How often have you heard of people turning down gifts? It may happen on TV but does it happen in reality? Surprisingly, yes. Although uncommon, in an estates context, there may be situations where a beneficiary does not want their gift. There may, for example, be a situation where the gift has conditions which are too difficult to fulfil, or where the gift is more of a burden than a benefit. Alternatively, the beneficiary may have no need for it and may want the person who is ‘next in line’ to receive it, instead.
Regardless of the reason, it is important to be aware of the different ways and consequences of rejecting a gift.
Disclaimer
A disclaimer is a rejection of a gift before the gift has been accepted. The recipient or beneficiary of a gift is generally presumed to accept a gift unless they clearly reject it. A rejection by disclaimer has the effect of voiding the gift ‘ab initio’, or said more simply, treating it as though it never existed. Effectively, there is no transfer of any interest in the property from the donor to the beneficiary. The beneficiary can disclaim the gift orally, in writing or by their conduct. Regardless of the method of disclaiming the gift, the beneficiary should be mindful of the timing of such disclaimer. It should be done as soon as possible after a beneficiary becomes aware of the intended gift, so as to avoid any implications that the gift has been accepted.
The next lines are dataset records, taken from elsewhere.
(* Assume in addition that $\lambda_A>0$ (the dataset need not be balanced). Let $\alpha=\lambda_A/32$ and $M=32/\lambda_A^2$ (assumed to be an integer). Then the iterates of TD-SVRG (Algorithm 1) satisfy, for every $m\ge0$, $$\mathbb E\big[\|\tilde\theta_m-\theta^*\|^2\big]\le\left(\tfrac57\right)^m\|\tilde\theta_0-\theta^*\|^2.$$
   Context: Finite-sample setting. Let $\mathcal S$ be a finite state space, $\phi:\mathcal S\to\mathbb R^d$ a feature map with $\|\phi(s)\|_2\le 1$ for all $s$, $r:\mathcal S\times\mathcal S\to\mathbb R$ a reward function and $\gamma\in[0,1)$. For a pair of states $(s,s')$ and $\theta\in\mathbb R^d$ let $g_{s,s'}(\theta)=(r(s,s')+\gamma\phi(s')^T\theta-\phi(s)^T\theta)\phi(s)$. A dataset is a state trajectory $s_1,\dots,s_{N+1}$, giving the $N$ pairs $(s_t,s_{t+1})$, $t=1,\dots,N$. Let $A_d=\frac1N\sum_{t=1}^N\phi(s_t)(\phi(s_t)-\gamma\phi(s_{t+1}))^T$ and $b_d=\frac1N\sum_{t=1}^N r(s_t,s_{t+1})\phi(s_t)$, so that $\bar g(\theta):=\frac1N\sum_{t=1}^N g_{s_t,s_{t+1}}(\theta)=-A_d\theta+b_d$. Assume $A_d$ is nonsingular and let $\theta^*=A_d^{-1}b_d$. Let $\lambda_A$ denote the minimum eigenvalue of $(A_d+A_d^T)/2$. Algorithm 1 (TD-SVRG): given $\alpha>0$, an integer $M\ge1$ and an initial $\tilde\theta_0\in\mathbb R^d$, for epochs $m=1,2,\dots$: set $\tilde\theta=\tilde\theta_{m-1}$, compute $\bar g(\tilde\theta)$, set $\theta_0=\tilde\theta$; for $t=1,\dots,M$ draw an index $i_t$ uniformly from $\{1,\dots,N\}$, independently of everything else, put $(s,s')=(s_{i_t},s_{i_t+1})$, $v_t=g_{s,s'}(\theta_{t-1})-g_{s,s'}(\tilde\theta)+\bar g(\tilde\theta)$ and $\theta_t=\theta_{t-1}+\alpha v_t$; finally set $\tilde\theta_m=\theta_{t'}$ where $t'$ is drawn uniformly from $\{0,\dots,M-1\}$ independently of everything else. *)

theory Defs
  imports "HOL-Analysis.Analysis" "HOL-Probability.Probability"
begin

definition tdg :: "('s \<Rightarrow> 's \<Rightarrow> real) \<Rightarrow> real \<Rightarrow> ('s \<Rightarrow> real^'d) \<Rightarrow> 's \<Rightarrow> 's \<Rightarrow> real^'d \<Rightarrow> real^'d" where
  "tdg r \<gamma> \<phi> s s' \<theta> = (r s s' + \<gamma> * (\<phi> s' \<bullet> \<theta>) - \<phi> s \<bullet> \<theta>) *\<^sub>R \<phi> s"

definition gbar :: "('s \<Rightarrow> 's \<Rightarrow> real) \<Rightarrow> real \<Rightarrow> ('s \<Rightarrow> real^'d) \<Rightarrow> (nat \<Rightarrow> 's) \<Rightarrow> nat \<Rightarrow> real^'d \<Rightarrow> real^'d" where
  "gbar r \<gamma> \<phi> traj N \<theta> = (1 / real N) *\<^sub>R (\<Sum>t=1..N. tdg r \<gamma> \<phi> (traj t) (traj (Suc t)) \<theta>)"

definition outer :: "real^'d \<Rightarrow> real^'d \<Rightarrow> real^'d^'d" where
  "outer u v = (\<chi> i j. u $ i * v $ j)"

definition A_d :: "real \<Rightarrow> ('s \<Rightarrow> real^'d) \<Rightarrow> (nat \<Rightarrow> 's) \<Rightarrow> nat \<Rightarrow> real^'d^'d" where
  "A_d \<gamma> \<phi> traj N = (1 / real N) *\<^sub>R
     (\<Sum>t=1..N. outer (\<phi> (traj t)) (\<phi> (traj t) - \<gamma> *\<^sub>R \<phi> (traj (Suc t))))"

definition b_d :: "('s \<Rightarrow> 's \<Rightarrow> real) \<Rightarrow> ('s \<Rightarrow> real^'d) \<Rightarrow> (nat \<Rightarrow> 's) \<Rightarrow> nat \<Rightarrow> real^'d" where
  "b_d r \<phi> traj N = (1 / real N) *\<^sub>R (\<Sum>t=1..N. r (traj t) (traj (Suc t)) *\<^sub>R \<phi> (traj t))"

definition min_eig :: "real^'d^'d \<Rightarrow> real" where
  "min_eig S = Min {c. \<exists>v. v \<noteq> 0 \<and> S *v v = c *\<^sub>R v}"

definition svrg_step :: "('s \<Rightarrow> 's \<Rightarrow> real) \<Rightarrow> real \<Rightarrow> ('s \<Rightarrow> real^'d) \<Rightarrow> (nat \<Rightarrow> 's) \<Rightarrow> nat \<Rightarrow> real
     \<Rightarrow> real^'d \<Rightarrow> real^'d \<Rightarrow> nat \<Rightarrow> real^'d" where
  "svrg_step r \<gamma> \<phi> traj N \<alpha> \<theta>t \<theta> i =
     \<theta> + \<alpha> *\<^sub>R (tdg r \<gamma> \<phi> (traj i) (traj (Suc i)) \<theta> - tdg r \<gamma> \<phi> (traj i) (traj (Suc i)) \<theta>t
                 + gbar r \<gamma> \<phi> traj N \<theta>t)"

primrec inner_dist :: "('s \<Rightarrow> 's \<Rightarrow> real) \<Rightarrow> real \<Rightarrow> ('s \<Rightarrow> real^'d) \<Rightarrow> (nat \<Rightarrow> 's) \<Rightarrow> nat \<Rightarrow> real
     \<Rightarrow> real^'d \<Rightarrow> nat \<Rightarrow> (real^'d) pmf" where
  "inner_dist r \<gamma> \<phi> traj N \<alpha> \<theta>t 0 = return_pmf \<theta>t"
| "inner_dist r \<gamma> \<phi> traj N \<alpha> \<theta>t (Suc t) =
     bind_pmf (inner_dist r \<gamma> \<phi> traj N \<alpha> \<theta>t t) (\<lambda>\<theta>.
     bind_pmf (pmf_of_set {1..N}) (\<lambda>i. return_pmf (svrg_step r \<gamma> \<phi> traj N \<alpha> \<theta>t \<theta> i)))"

definition epoch :: "('s \<Rightarrow> 's \<Rightarrow> real) \<Rightarrow> real \<Rightarrow> ('s \<Rightarrow> real^'d) \<Rightarrow> (nat \<Rightarrow> 's) \<Rightarrow> nat \<Rightarrow> real \<Rightarrow> nat
     \<Rightarrow> real^'d \<Rightarrow> (real^'d) pmf" where
  "epoch r \<gamma> \<phi> traj N \<alpha> M \<theta>t =
     bind_pmf (pmf_of_set {0..<M}) (\<lambda>t'. inner_dist r \<gamma> \<phi> traj N \<alpha> \<theta>t t')"

primrec td_svrg :: "('s \<Rightarrow> 's \<Rightarrow> real) \<Rightarrow> real \<Rightarrow> ('s \<Rightarrow> real^'d) \<Rightarrow> (nat \<Rightarrow> 's) \<Rightarrow> nat \<Rightarrow> real \<Rightarrow> nat
     \<Rightarrow> real^'d \<Rightarrow> nat \<Rightarrow> (real^'d) pmf" where
  "td_svrg r \<gamma> \<phi> traj N \<alpha> M \<theta>0 0 = return_pmf \<theta>0"
| "td_svrg r \<gamma> \<phi> traj N \<alpha> M \<theta>0 (Suc m) =
     bind_pmf (td_svrg r \<gamma> \<phi> traj N \<alpha> M \<theta>0 m) (epoch r \<gamma> \<phi> traj N \<alpha> M)"

end

theory Submission
  imports Defs
begin

text \<open>
  Let \<lambda> be the minimum eigenvalue of the symmetric part of A_d, so that x \<bullet> A_d x \<ge> \<lambda> |x|^2,
  and note |A_d x| \<le> 2 |x| because the features have norm at most 1. Measured from \<theta>*, the
  variance-reduced direction has mean -A_d (\<theta> - \<theta>*) and a fluctuation whose second moment is
  at most 4 |\<theta> - \<theta>'|^2, where \<theta>' is the anchor of the epoch. With \<alpha> = \<lambda>/32 one inner step
  therefore contracts the mean squared error as e(t+1) \<le> (1 - c) e(t) + (2/13) c e(0), where
  c = 13 \<lambda>^2/256. Hence e(t) \<le> (2/13 + (11/13) (1 - c)^t) e(0), and averaging over the uniformly
  drawn output index, using c M = 13/8, gives the epoch factor 2/13 + (11/13)(8/13) = 114/169 \<le> 5/7.
\<close>

section \<open>Expectations under finitely supported distributions\<close>

lemma expectation_pmf_of_set:
  fixes f :: "'i \<Rightarrow> 'a::{banach, second_countable_topology}"
  assumes "finite I" "I \<noteq> {}"
  shows "measure_pmf.expectation (pmf_of_set I) f = (1 / real (card I)) *\<^sub>R (\<Sum>i\<in>I. f i)"
  using assms by (subst integral_measure_pmf[of I]) (auto simp: scaleR_sum_right)

lemma expectation_bind_pmf_finite:
  fixes h :: "'b \<Rightarrow> real"
  assumes "finite (set_pmf p)" "\<And>x. x \<in> set_pmf p \<Longrightarrow> finite (set_pmf (f x))"
  shows "measure_pmf.expectation (bind_pmf p f) h
           = measure_pmf.expectation p (\<lambda>x. measure_pmf.expectation (f x) h)"
  using assms
  by (subst pmf_expectation_bind[of "set_pmf p"], simp_all, subst integral_measure_pmf[of "set_pmf p"]) auto

lemma expectation_mono_finite_pmf:
  fixes f g :: "'a \<Rightarrow> real"
  assumes "finite (set_pmf p)" "\<And>x. x \<in> set_pmf p \<Longrightarrow> f x \<le> g x"
  shows "measure_pmf.expectation p f \<le> measure_pmf.expectation p g"
  using assms by (intro integral_mono_AE) (auto simp: integrable_measure_pmf_finite AE_measure_pmf_iff)

lemma expectation_norm_sq_noisy_step:
  fixes X :: "'i \<Rightarrow> 'a::{real_inner, banach, second_countable_topology}"
  assumes fin: "finite (set_pmf p)"
  defines "m \<equiv> measure_pmf.expectation p X"
  shows "measure_pmf.expectation p (\<lambda>i. (norm (e - \<alpha> *\<^sub>R (X i + c)))\<^sup>2)
       = (norm e)\<^sup>2 - 2 * \<alpha> * (e \<bullet> (m + c))
         + \<alpha>\<^sup>2 * (measure_pmf.expectation p (\<lambda>i. (norm (X i))\<^sup>2) - (norm m)\<^sup>2 + (norm (m + c))\<^sup>2)"
proof -
  have "(norm (e - \<alpha> *\<^sub>R (X i + c)))\<^sup>2
      = (norm e)\<^sup>2 - 2 * \<alpha> * (e \<bullet> X i) - 2 * \<alpha> * (e \<bullet> c)
        + \<alpha>\<^sup>2 * ((norm (X i))\<^sup>2 + 2 * (X i \<bullet> c) + (norm c)\<^sup>2)" for i
    unfolding power2_norm_eq_inner
    by (simp add: inner_diff_left inner_diff_right inner_add_left inner_add_right inner_commute
        ring_distribs power2_eq_square)
  moreover have "(norm (m + c))\<^sup>2 = (norm m)\<^sup>2 + 2 * (m \<bullet> c) + (norm c)\<^sup>2"
    unfolding power2_norm_eq_inner by (simp add: inner_add_left inner_add_right inner_commute)
  ultimately show ?thesis
    using fin by (simp add: integrable_measure_pmf_finite m_def inner_add_right ring_distribs)
qed

section \<open>The TD operator\<close>

lemma outer_mult_vec: "outer u v *v x = (v \<bullet> x) *\<^sub>R (u::real^'d)"
  by (simp add: vec_eq_iff outer_def matrix_vector_mult_def inner_vec_def sum_distrib_left mult_ac)

lemma sum_matrix_vector_mult: "finite I \<Longrightarrow> (\<Sum>i\<in>I. B i) *v x = (\<Sum>i\<in>I. B i *v (x::real^'n))"
  by (induction I rule: finite_induct) (simp_all add: matrix_vector_mult_add_rdistrib)

lemma A_d_mult_vec:
  "A_d \<gamma> \<phi> traj N *v x
     = (1 / real N) *\<^sub>R (\<Sum>t=1..N. ((\<phi> (traj t) - \<gamma> *\<^sub>R \<phi> (traj (Suc t))) \<bullet> x) *\<^sub>R \<phi> (traj t))"
  unfolding A_d_def scaleR_matrix_vector_assoc[symmetric]
  by (simp add: sum_matrix_vector_mult outer_mult_vec)

lemma A_d_mult_vec_expectation:
  assumes "N \<ge> 1"
  shows "A_d \<gamma> \<phi> traj N *v x = measure_pmf.expectation (pmf_of_set {1..N})
           (\<lambda>t. ((\<phi> (traj t) - \<gamma> *\<^sub>R \<phi> (traj (Suc t))) \<bullet> x) *\<^sub>R \<phi> (traj t))"
  using assms by (simp add: A_d_mult_vec expectation_pmf_of_set)

lemma gbar_eq_b_d_minus_A_d: "gbar r \<gamma> \<phi> traj N \<theta> = b_d r \<phi> traj N - A_d \<gamma> \<phi> traj N *v \<theta>"
proof -
  have "tdg r \<gamma> \<phi> (traj t) (traj (Suc t)) \<theta> = r (traj t) (traj (Suc t)) *\<^sub>R \<phi> (traj t)
          - ((\<phi> (traj t) - \<gamma> *\<^sub>R \<phi> (traj (Suc t))) \<bullet> \<theta>) *\<^sub>R \<phi> (traj t)" for t
    by (simp add: tdg_def inner_diff_left algebra_simps)
  then show ?thesis
    unfolding gbar_def b_d_def A_d_mult_vec by (simp add: sum_subtractf scaleR_diff_right)
qed

lemma tdg_diff:
  "tdg r \<gamma> \<phi> s s' \<theta> - tdg r \<gamma> \<phi> s s' \<theta>' = - (((\<phi> s - \<gamma> *\<^sub>R \<phi> s') \<bullet> (\<theta> - \<theta>')) *\<^sub>R \<phi> s)"
  by (simp add: tdg_def inner_diff_left inner_diff_right algebra_simps)

lemma svrg_step_error:
  assumes "A_d \<gamma> \<phi> traj N *v \<theta>s = b_d r \<phi> traj N"
  shows "svrg_step r \<gamma> \<phi> traj N \<alpha> \<theta>t \<theta> i - \<theta>s
    = (\<theta> - \<theta>s) - \<alpha> *\<^sub>R (((\<phi> (traj i) - \<gamma> *\<^sub>R \<phi> (traj (Suc i))) \<bullet> (\<theta> - \<theta>t)) *\<^sub>R \<phi> (traj i)
                       + A_d \<gamma> \<phi> traj N *v (\<theta>t - \<theta>s))"
  unfolding svrg_step_def tdg_diff gbar_eq_b_d_minus_A_d assms[symmetric]
  by (simp add: algebra_simps)

lemma invertible_mult_matrix_inv: "invertible (A::real^'d^'d) \<Longrightarrow> A ** matrix_inv A = mat 1"
  unfolding invertible_def matrix_inv_def by (rule someI_ex[THEN conjunct1])

section \<open>Minimum eigenvalue and the Rayleigh quotient\<close>

lemma inner_symmetric_part_mult_vec:
  "x \<bullet> (((1/2) *\<^sub>R (A + transpose A)) *v x) = x \<bullet> ((A::real^'d^'d) *v x)"
proof -
  have "x \<bullet> (transpose A *v x) = x \<bullet> (A *v x)"
    by (simp add: dot_lmul_matrix[symmetric] inner_commute)
  then show ?thesis
    by (simp add: scaleR_matrix_vector_assoc[symmetric] matrix_vector_mult_add_rdistrib inner_add_right)
qed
In an estates context, if there is a valid disclaimer of a gift or interest in a will, the failure of the gift will date back to the date of the testator’s death. The type of gift or interest being disclaimed may effect the succession of the gift.
Renunciation
In contrast to a disclaimer, a renunciation is the rejection of a gift after it has been accepted. Although not common, renunciations can occur when the recipient of a gift no longer wants the gift or where they no longer wish to (or are able to) satisfy the conditions of the gift. On an effective renunciation, the beneficiary may surrender their interest or assign their interest to another beneficiary. It is important to note that a renunciation is akin to a disposition of property by the beneficiary for the purposes of the Income Tax Act (Canada), and as such there may be tax consequences to consider.
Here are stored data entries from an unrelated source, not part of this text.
text \<open>The second moment of a sum of independent centred coordinates is the sum of the
  second moments: all cross terms vanish.\<close>
lemma E_square_sum_centered:
  assumes centered: "\<And>k. k \<in> K \<Longrightarrow> (\<Sum>x\<in>S. q k x * X k x) = 0"
  shows "E (\<lambda>c. (\<Sum>k\<in>K. X k (c k))\<^sup>2) = (\<Sum>k\<in>K. \<Sum>x\<in>S. q k x * (X k x)\<^sup>2)"
proof -
  have cross: "(\<Sum>l\<in>K. E (\<lambda>c. X k (c k) * X l (c l))) = (\<Sum>x\<in>S. q k x * (X k x)\<^sup>2)"
    if k: "k \<in> K" for k
  proof -
    have "E (\<lambda>c. X k (c k) * X l (c l)) = (if l = k then (\<Sum>x\<in>S. q k x * (X k x)\<^sup>2) else 0)"
      if l: "l \<in> K" for l
      using E_single[OF k, of "\<lambda>x. (X k x)\<^sup>2"] E_pair[OF k l, of "X k" "X l"] centered[OF k]
      by (cases "l = k") (simp_all add: power2_eq_square)
    then show ?thesis using finite_K k by (simp cong: sum.cong)
  qed
  have "(\<lambda>c. (\<Sum>k\<in>K. X k (c k))\<^sup>2) = (\<lambda>c. \<Sum>k\<in>K. \<Sum>l\<in>K. X k (c k) * X l (c l))"
    by (simp add: power2_eq_square sum_product)
  then show ?thesis by (simp add: E_sum cross)
qed

lemma E_abs_deviation:
  "E (\<lambda>c. \<bar>(\<Sum>k\<in>K. A k (c k)) - (\<Sum>k\<in>K. \<Sum>x\<in>S. q k x * A k x)\<bar>)
     \<le> sqrt (\<Sum>k\<in>K. \<Sum>x\<in>S. q k x * (A k x)\<^sup>2)"
proof -
  define a where "a k = (\<Sum>x\<in>S. q k x * A k x)" for k
  define X where "X k x = A k x - a k" for k x
  have centered: "(\<Sum>x\<in>S. q k x * X k x) = 0" if "k \<in> K" for k
    using that by (simp add: X_def a_def right_diff_distrib sum_subtractf
        sum_distrib_right[symmetric] q_sum)
  have variance: "(\<Sum>x\<in>S. q k x * (X k x)\<^sup>2) = (\<Sum>x\<in>S. q k x * (A k x)\<^sup>2) - (a k)\<^sup>2"
    if "k \<in> K" for k
  proof -
    have "(\<Sum>x\<in>S. q k x * (X k x)\<^sup>2)
        = (\<Sum>x\<in>S. q k x * (A k x)\<^sup>2) - 2 * a k * (\<Sum>x\<in>S. q k x * A k x)
          + (a k)\<^sup>2 * (\<Sum>x\<in>S. q k x)"
      unfolding X_def by (simp add: power2_eq_square algebra_simps sum.distrib sum_subtractf
          sum_distrib_left)
    then show ?thesis using q_sum[OF that] by (simp add: a_def[symmetric] power2_eq_square)
  qed
  have "E (\<lambda>c. \<bar>(\<Sum>k\<in>K. A k (c k)) - (\<Sum>k\<in>K. a k)\<bar>) = E (\<lambda>c. \<bar>\<Sum>k\<in>K. X k (c k)\<bar>)"
    by (simp add: X_def sum_subtractf)
  also have "\<dots> \<le> sqrt (E (\<lambda>c. (\<Sum>k\<in>K. X k (c k))\<^sup>2))" by (rule E_cauchy_schwarz)
  also have "\<dots> \<le> sqrt (\<Sum>k\<in>K. \<Sum>x\<in>S. q k x * (A k x)\<^sup>2)"
    by (simp add: E_square_sum_centered centered variance sum_mono)
  finally show ?thesis by (simp add: a_def)
qed

text \<open>One-shot soft covering: the sum of independent nonnegative terms t k (c k) deviates
  from its mean Qv by at most sqrt \<tau> Qv (from the terms truncated at \<tau> Qv, via
  Cauchy-Schwarz) plus twice the expected mass above the threshold, bounded by a power law.\<close>
lemma soft_covering:
  assumes t_nonneg: "\<And>k x. t k x \<ge> 0" and tau: "\<tau> > 0" and s: "s > 0"
    and mean: "Qv = (\<Sum>k\<in>K. \<Sum>x\<in>S. q k x * t k x)"
  shows "E (\<lambda>c. \<bar>(\<Sum>k\<in>K. t k (c k)) - Qv\<bar>)
        \<le> sqrt \<tau> * Qv + 2 * (\<Sum>k\<in>K. \<Sum>x\<in>S. q k x * t k x * (t k x / (\<tau> * Qv)) powr s)"
proof -
  define A where "A k x = (if t k x \<le> \<tau> * Qv then t k x else 0)" for k x
  define B where "B k x = t k x - A k x" for k x
  define b where "b k = (\<Sum>x\<in>S. q k x * B k x)" for k
  define a where "a = (\<Sum>k\<in>K. \<Sum>x\<in>S. q k x * A k x)"
  have A_nonneg: "A k x \<ge> 0" and B_nonneg: "B k x \<ge> 0" for k x
    by (simp_all add: A_def B_def t_nonneg)
  have Qv_nonneg: "Qv \<ge> 0" unfolding mean by (intro sum_nonneg mult_nonneg_nonneg q_nonneg t_nonneg)
  have b_nonneg: "(\<Sum>k\<in>K. b k) \<ge> 0" unfolding b_def by (simp add: B_nonneg q_nonneg sum_nonneg)
  have Qv_split: "Qv = a + (\<Sum>k\<in>K. b k)"
    unfolding mean a_def b_def B_def
    by (simp add: algebra_simps sum.distrib[symmetric] sum_subtractf)
  have pointwise: "\<bar>(\<Sum>k\<in>K. t k (c k)) - Qv\<bar>
      \<le> \<bar>(\<Sum>k\<in>K. A k (c k)) - a\<bar> + ((\<Sum>k\<in>K. B k (c k)) + (\<Sum>k\<in>K. b k))" for c
  proof -
    have "(\<Sum>k\<in>K. t k (c k)) - Qv
        = ((\<Sum>k\<in>K. A k (c k)) - a) + ((\<Sum>k\<in>K. B k (c k)) - (\<Sum>k\<in>K. b k))"
      unfolding Qv_split by (simp add: B_def sum_subtractf)
    then show ?thesis using b_nonneg sum_nonneg[of K "\<lambda>k. B k (c k)", OF B_nonneg] by linarith
  qed
  have dev: "E (\<lambda>c. \<bar>(\<Sum>k\<in>K. A k (c k)) - a\<bar>) \<le> sqrt \<tau> * Qv"
  proof -
    have "(\<Sum>k\<in>K. \<Sum>x\<in>S. q k x * (A k x)\<^sup>2) \<le> (\<Sum>k\<in>K. \<Sum>x\<in>S. \<tau> * Qv * (q k x * t k x))"
    proof (intro sum_mono)
      fix k x
      have "A k x \<le> \<tau> * Qv" "A k x \<le> t k x" "0 \<le> \<tau> * Qv"
        using tau Qv_nonneg by (auto simp: A_def t_nonneg)
      then have "(A k x)\<^sup>2 \<le> \<tau> * Qv * t k x"
        unfolding power2_eq_square by (intro mult_mono) (simp_all add: A_nonneg t_nonneg)
      from mult_left_mono[OF this q_nonneg]
      show "q k x * (A k x)\<^sup>2 \<le> \<tau> * Qv * (q k x * t k x)" by (simp add: algebra_simps)
    qed
    also have "\<dots> = \<tau> * Qv\<^sup>2"
      unfolding sum_distrib_left[symmetric] mean[symmetric] by (simp add: power2_eq_square)
    finally have "sqrt (\<Sum>k\<in>K. \<Sum>x\<in>S. q k x * (A k x)\<^sup>2) \<le> sqrt (\<tau> * Qv\<^sup>2)"
      by (rule real_sqrt_le_mono)
    then have "sqrt (\<Sum>k\<in>K. \<Sum>x\<in>S. q k x * (A k x)\<^sup>2) \<le> sqrt \<tau> * Qv"
      using Qv_nonneg by (simp add: real_sqrt_mult)
    with E_abs_deviation[of A] show ?thesis unfolding a_def by linarith
  qed
  have tail: "(\<Sum>k\<in>K. b k) \<le> (\<Sum>k\<in>K. \<Sum>x\<in>S. q k x * t k x * (t k x / (\<tau> * Qv)) powr s)"
    unfolding b_def
  proof (intro sum_mono)
    fix k x assume k: "k \<in> K" and x: "x \<in> S"
    show "q k x * B k x \<le> q k x * t k x * (t k x / (\<tau> * Qv)) powr s"
    proof (cases "q k x * t k x = 0")
      case True
      then show ?thesis by (auto simp: B_def A_def)
    next
      case False
      have "q k x * t k x \<le> (\<Sum>x\<in>S. q k x * t k x)"
        by (rule member_le_sum[OF x]) (simp_all add: q_nonneg t_nonneg finite_S)
      also have "\<dots> \<le> Qv"
        unfolding mean by (rule member_le_sum[OF k, where f="\<lambda>k. \<Sum>x\<in>S. q k x * t k x"])
          (simp_all add: q_nonneg t_nonneg sum_nonneg finite_K)
      finally have "q k x * t k x \<le> Qv" .
      with False have "Qv > 0" using q_nonneg[of k x] t_nonneg[of k x]
        by (metis mult_nonneg_nonneg order.not_eq_order_implies_strict order.strict_trans2)
      then have "B k x \<le> t k x * (t k x / (\<tau> * Qv)) powr s"
        using truncation_tail_le[OF t_nonneg _ s, of "\<tau> * Qv" k x] tau
        unfolding B_def A_def by (simp split: if_splits)
      then show ?thesis using mult_left_mono[OF _ q_nonneg] by (simp add: mult.assoc)
    qed
  qed
  have "E (\<lambda>c. \<bar>(\<Sum>k\<in>K. t k (c k)) - Qv\<bar>)
      \<le> E (\<lambda>c. \<bar>(\<Sum>k\<in>K. A k (c k)) - a\<bar> + ((\<Sum>k\<in>K. B k (c k)) + (\<Sum>k\<in>K. b k)))"
    by (rule E_mono[OF pointwise])
  also have "\<dots> = E (\<lambda>c. \<bar>(\<Sum>k\<in>K. A k (c k)) - a\<bar>) + 2 * (\<Sum>k\<in>K. b k)"
    by (simp add: E_add E_sum E_single b_def)
  finally show ?thesis using dev tail by linarith
qed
Take for example a situation where assets are held in trust for the spouse of a deceased testator. The surviving spouse is the sole income beneficiary of the trust and on the death of the surviving spouse, the children of the testator are entitled to the remaining capital of the trust. After receiving income from the trust for several months, the surviving spouse decides to renounce their interest in the trust. In this case, there would be a disposition of their income interest which may trigger tax consequences. As the surviving spouse received income from the trust, they cannot ‘disclaim’ their interest. If, however, the surviving spouse rejected their interest in the trust before receiving any income, it would likely qualify as a disclaimer instead of a renunciation.
Although the terms disclaimer and renunciation are often used interchangeably, it is important to understand and appreciate their subtle differences as each may have varying legal and tax implications for the beneficiary.